并没有人有非议,这便是郭红牛在郭家绝对的威严,从郭红牛动起筷子,然后是钱成危,再轮到郭麒麟这一辈,最后才是郭青龙这新一代,所有人都默默遵循着这么一个规矩,而唯一没有动筷子的人,便是郭琉璃,但并没有人点破什么,只是默默的会餐。
郭红牛只是在动了第一下筷子后,看着众人都动起筷子,才缓缓放下这一双黑筷子,上了年纪外加这一段时间的糟心事,即便面对这满桌子的饭菜,他都没有任何食欲,他只是看着这么一个看似其乐融融,其实暗中在激流暗涌的长桌出神,至于心中到底在想着什么,唯有他知道。
外面的雨声仍然不停,屋内唯有餐具声,并没有一个人在会餐时开口说出什么,反而让人觉得这一场会餐极其的压抑。
继郭红牛放下筷子之后,第二个放下筷子的便是钱成危,但是他并没有跟郭红牛有任何眼神的交集,而是仅仅把目光定格在了郭琉璃身上,就这样看着,眼神之中带着几分复杂。
郭琉璃当然也注意到了钱成危的眼神,但是她只是冲钱成危微微点了点头,并没有给予钱成危任何回应。
在厨房门口的冬姨偷偷看着这无声的会餐,在其中,她感受不到一丝一毫的人情味,她只能够在心中那么感叹一句,这便是世家。
雨声敲打车顶的声音吵醒了李般若,因为多年在刀子上的生活,他养成了那么一个习惯,那便是即便是睡的再怎么死,即便是有一丝微妙的声响都会惊醒,他睁开眼看着自己一句身处停车场之中,两边听着的都是军车,这让李般若不由皱起眉头。
外面天色已经彻底黯淡下来,他揉了揉仍然昏昏沉沉的脑袋,睡了这么几个小时,精神还没有真正意义养足,但至少已经不如同白天时那么疲惫。
振奋了一下精神,李般若这才注意到蜷缩在后座的女人,头发散落着,她就这般轻轻的睡着,身上早已经没有了那浴火凤凰的气势,此刻就好似那么一个不懂得天高地厚只懂得她男人胸怀的小女人,洁白无暇的脸给人一种晶莹剔透的感觉。
李般若在看到这么一幕之后,这个粗糙到不能再粗糙的混子突然有那么几丝心动了,他发现自己有些无法直视那一张让人心生萌动的脸,只能够强行扭过头,然后从怀中摸出一盒沂蒙山,当到嘴边点燃自言自语的说道:“这女人可是马温柔,想什么呢?”
阴暗的后座,她的嘴角似乎微微扬起,好似是觉得这个混子莫名的可爱。
李般若扫了一眼时间,犹豫着是不是该叫醒马温柔,还是让这个比自己还要遭罪的女人多睡上一会,突然之间一只白皙的手放到了他的肩膀,把李般若吓了一跳,嘴上的烟头掉到了裤子上,一阵狼狈。
“我说大姐,别总是神出鬼没的好不好。”李般若一脸埋怨的说着,捡起烟头非但没有扔掉,反而很是没有志气的放到嘴边,这完全是一副上不了台面的模样。
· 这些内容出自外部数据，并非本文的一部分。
(* Let $d>1$ be an integer. (a) If $d$ is even, each even node of $\Gamma_d$ has exactly two outgoing black arrows and no outgoing red arrows, and each odd node has exactly two outgoing red arrows and no outgoing black arrows; if $d$ is odd, each node has exactly one outgoing red arrow and exactly one outgoing black arrow. (b) If $3\mid d$, each node congruent to $2\bmod 3$ has exactly one incoming black arrow and at least one incoming red arrow, and every other node has exactly one incoming black arrow and no incoming red arrow; if $3\nmid d$, every node has exactly one incoming black arrow and exactly one incoming red arrow. (c) If $\gcd(d,6)=1$, the black arrows partition the nodes into disjoint directed cycles, among which there is exactly one loop, at $0$, and all black cycles have length dividing the multiplicative order of $2$ mod $d$; likewise the red arrows partition the nodes into disjoint directed cycles, among which there is exactly one loop, at $d-1$, and all red cycles have length dividing the multiplicative order of $3/2$ mod $d$. (d) If $d=3^m$, the black arrows form a single directed cycle on the nodes relatively prime to $3$; for each $i=1,\dots,m-1$ they form a single directed cycle on the nodes divisible by $3^i$ but not $3^{i+1}$; and there is a black loop at $0$. (e) If $d=3^m$, the red arrows form a rooted tree with root $3^m-1$ and all arrows oriented toward the root, together with a red loop at the root; the leaves are the nodes not congruent to $2\bmod 3$, and the red path starting from any leaf first reaches the root after exactly $m$ steps.
   Context: Let $T_0(x)=x/2$ and $T_1(x)=(3x+1)/2$. For a positive integer $d$, $\Gamma_d$ is the directed graph with vertex set $\mathbb{Z}/d\mathbb{Z}$ and two kinds of arrows: a black arrow $r\to s$ iff there exist positive integers $x\equiv r$, $y\equiv s\pmod d$ with $x$ even and $T_0(x)=y$; a red arrow $r\to s$ iff there exist positive integers $x\equiv r$, $y\equiv s\pmod d$ with $x$ odd and $T_1(x)=y$. *)

theory Defs
  imports Main "HOL-Number_Theory.Number_Theory"
begin

definition black_arrow :: "nat \<Rightarrow> nat \<Rightarrow> nat \<Rightarrow> bool" where
  "black_arrow d r s \<longleftrightarrow> r < d \<and> s < d \<and>
     (\<exists>x y::nat. x > 0 \<and> y > 0 \<and> x mod d = r \<and> y mod d = s \<and> even x \<and> 2 * y = x)"

definition red_arrow :: "nat \<Rightarrow> nat \<Rightarrow> nat \<Rightarrow> bool" where
  "red_arrow d r s \<longleftrightarrow> r < d \<and> s < d \<and>
     (\<exists>x y::nat. x > 0 \<and> y > 0 \<and> x mod d = r \<and> y mod d = s \<and> odd x \<and> 2 * y = 3 * x + 1)"

definition cycle_len :: "(nat \<Rightarrow> nat) \<Rightarrow> nat \<Rightarrow> nat" where
  "cycle_len f r = (LEAST k. k > 0 \<and> (f ^^ k) r = r)"

text \<open>The arrows of relation R, restricted to the node set S, partition S into disjoint
  directed cycles, realised by the permutation f of S.\<close>
definition cycles_via :: "(nat \<Rightarrow> nat \<Rightarrow> bool) \<Rightarrow> nat set \<Rightarrow> (nat \<Rightarrow> nat) \<Rightarrow> bool" where
  "cycles_via R S f \<longleftrightarrow> bij_betw f S S \<and> (\<forall>r\<in>S. \<forall>s. R r s \<longleftrightarrow> s = f r)"
(* Let $G$ be a simple connected graph with $n$ vertices and $m$ edges, let $k>2$ and $r\ge1$ be integers, and let $S_k^r(G)$ be the $r$-th iterated $k$-parallel subdivision graph of $G$. Then $$Kf^*(S_k^r(G))=(8k)^rKf^*(G)+\frac{(2k)^r(4^r-1)}{3}(m-2mn)+\frac{k(4k)^r(k^r-2^r)}{k-2}m^2-\frac{k(2k)^r\big[4^r-2k(4^r-1)+3(2k)^r-4\big]}{3(k-2)(2k-1)}m^2.$$
   Context: The $k$-parallel subdivision graph $S_k(H)$ of a graph $H$ is obtained by replacing each edge $uv$ of $H$ by $k$ internally disjoint paths $u-w-v$ of length $2$ (each with its own new middle vertex). Iterates: $S_k^0(G)=G$ and $S_k^r(G)=S_k(S_k^{r-1}(G))$. For a connected graph $H$, the multiplicative degree Kirchhoff index is $Kf^*(H)=\sum_{\{a,b\}\subseteq V(H)} d_a d_b\,\Omega_{ab}(H)$, where the sum is over unordered pairs of distinct vertices, $d_a$ is the degree of $a$, and $\Omega_{ab}(H)$ is the resistance distance (effective resistance with unit resistors on the edges); equivalently $Kf^*(H)=2|E(H)|\sum_{i\ge2}1/\lambda_i$ where $0=\lambda_1<\lambda_2\le\dots$ are the eigenvalues of the normalized Laplacian $I-D^{-1/2}AD^{-1/2}$ of $H$. *)

theory Defs
  imports Complex_Main "HOL-Library.Product_Lexorder"
begin

text \<open>A finite simple graph is represented as a pair (n, E): the vertex set is
  {0..<n} and every edge {u,v} is stored exactly once as the pair (u,v) with u < v.\<close>

type_synonym graph = "nat \<times> (nat \<times> nat) set"

definition simple_graph :: "graph \<Rightarrow> bool" where
  "simple_graph G \<longleftrightarrow> (\<forall>(u,v)\<in>snd G. u < v \<and> v < fst G)"

definition adj :: "graph \<Rightarrow> nat \<Rightarrow> nat \<Rightarrow> bool" where
  "adj G i j \<longleftrightarrow> (i, j) \<in> snd G \<or> (j, i) \<in> snd G"

definition nbrs :: "graph \<Rightarrow> nat \<Rightarrow> nat set" where
  "nbrs G i = {j. j < fst G \<and> adj G i j}"

definition deg :: "graph \<Rightarrow> nat \<Rightarrow> nat" where
  "deg G i = card (nbrs G i)"

definition num_edges :: "graph \<Rightarrow> nat" where
  "num_edges G = card (snd G)"

definition connected_graph :: "graph \<Rightarrow> bool" where
  "connected_graph G \<longleftrightarrow> 0 < fst G \<and> (\<forall>a < fst G. \<forall>b < fst G. (adj G)\<^sup>*\<^sup>* a b)"

definition lap_apply :: "graph \<Rightarrow> (nat \<Rightarrow> real) \<Rightarrow> nat \<Rightarrow> real" where
  "lap_apply G x i = real (deg G i) * x i - (\<Sum>j\<in>nbrs G i. x j)"

text \<open>Resistance distance (unit resistors): the potential difference x_a - x_b when a
  unit current enters at a and leaves at b, i.e. L x = e_a - e_b.\<close>
definition resistance :: "graph \<Rightarrow> nat \<Rightarrow> nat \<Rightarrow> real" where
  "resistance G a b = (THE \<omega>. \<exists>x. (\<forall>i < fst G. lap_apply G x i =
       (if i = a then 1 else 0) - (if i = b then 1 else 0)) \<and> \<omega> = x a - x b)"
而马温柔,却并没有露出厌恶之色,因为她对此并不算多么反感,反而那些明明内心肮脏到一种地步,却仍然还要装作一副油光满面的样子才会让她真正的反感,她不紧不慢的说道:“李般若,这一趟京城之行,我对你,多多少少有那么几分改观,至少你并比起那些不堪入目的人,看起来还算顺眼几分。”
李般若一脸的无奈,他一度不知道马温柔这究竟是夸他还是在贬他,他只是摸了一把扎手的头发说道:“这一次,我们要见什么大人物?”
“郭家,李家,那一种强大,是你能够想象的强大,而今晚我们要见的人,可能已经超乎了你的认知,两年前之所以在西城会这般顺利造势,大部分的原因是因为他的一通电话,这一通电话撼动了西城白家最大的保护伞,你知道这究竟意味着什么吗?”马温柔不紧不慢的说着,好似故意恐吓着李般若。
李般若听完,把烟头在车中的烟灰缸里按灭,然后说道:“我们以命相搏的东西,在他的面前,不过也只是一通电话的事。”
马温柔笑了,似乎李般若能够有这么一个想法,算是入行了,一个真正强大的人,首先不需要知道自己究竟多么辽阔,更需要知道自己究竟是多么渺小。
看着马温柔的笑容,李般若莫名有一种中了圈套的感觉,却并没有说出口什么,他知道自己一开口,就会被马温柔给原原本本的怼回去。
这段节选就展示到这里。